• _SUPPLIED RECORDS_
text \<open>
  A sparse paving matroid of rank r on E is determined by its family of non-bases, a family
  of r-subsets no two of which share an (r-1)-subset (they are circuit-hyperplanes).
  Cover the r-subsets by the stars G(Y) of all r-subsets containing a fixed (r-1)-set Y;
  every r-set lies in exactly r stars, and the family of non-bases meets each star in at most
  one set, so its trace on a star takes at most |E - Y| + 1 = n - r + 2 values.
  Shearer's lemma then gives s(n,r)^r \<le> (n - r + 2)^C(n,r-1), and
  r C(n,r) = (n - r + 1) C(n,r-1) turns this into the stated bound.
  Shearer's lemma is proved by induction on the ground set, the induction step resting on
  the superadditivity of the geometric mean.
\<close>

section \<open>Superadditivity of the geometric mean\<close>

lemma root_prod_le_mean:
  fixes x :: "'a \<Rightarrow> real"
  assumes "finite I" "I \<noteq> {}" "\<And>i. i \<in> I \<Longrightarrow> 0 \<le> x i"
  shows "root (card I) (\<Prod>i\<in>I. x i) \<le> (\<Sum>i\<in>I. x i) / card I"
proof -
  have "card I > 0" using assms by (simp add: card_gt_0_iff)
  moreover have "(\<Prod>i\<in>I. x i) \<ge> 0" using assms by (simp add: prod_nonneg)
  ultimately have "root (card I) (\<Prod>i\<in>I. x i) = (\<Prod>i\<in>I. x i) powr (1 / card I)"
    by (simp add: root_powr_inverse)
  also have "\<dots> \<le> (\<Sum>i\<in>I. x i / card I)" using arith_geom_mean[OF assms] .
  finally show ?thesis by (simp add: sum_divide_distrib)
qed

• _PROMPT_
Each line in the entries above, starting at the line with "Cover the r-subsets" and ending at the line with "every r-set lies", is to be printed exactly, and only those lines.

• _RESULT OF THE EXERCISE_
  Cover the r-subsets by the stars G(Y) of all r-subsets containing a fixed (r-1)-set Y;
  every r-set lies in exactly r stars, and the family of non-bases meets each star in at most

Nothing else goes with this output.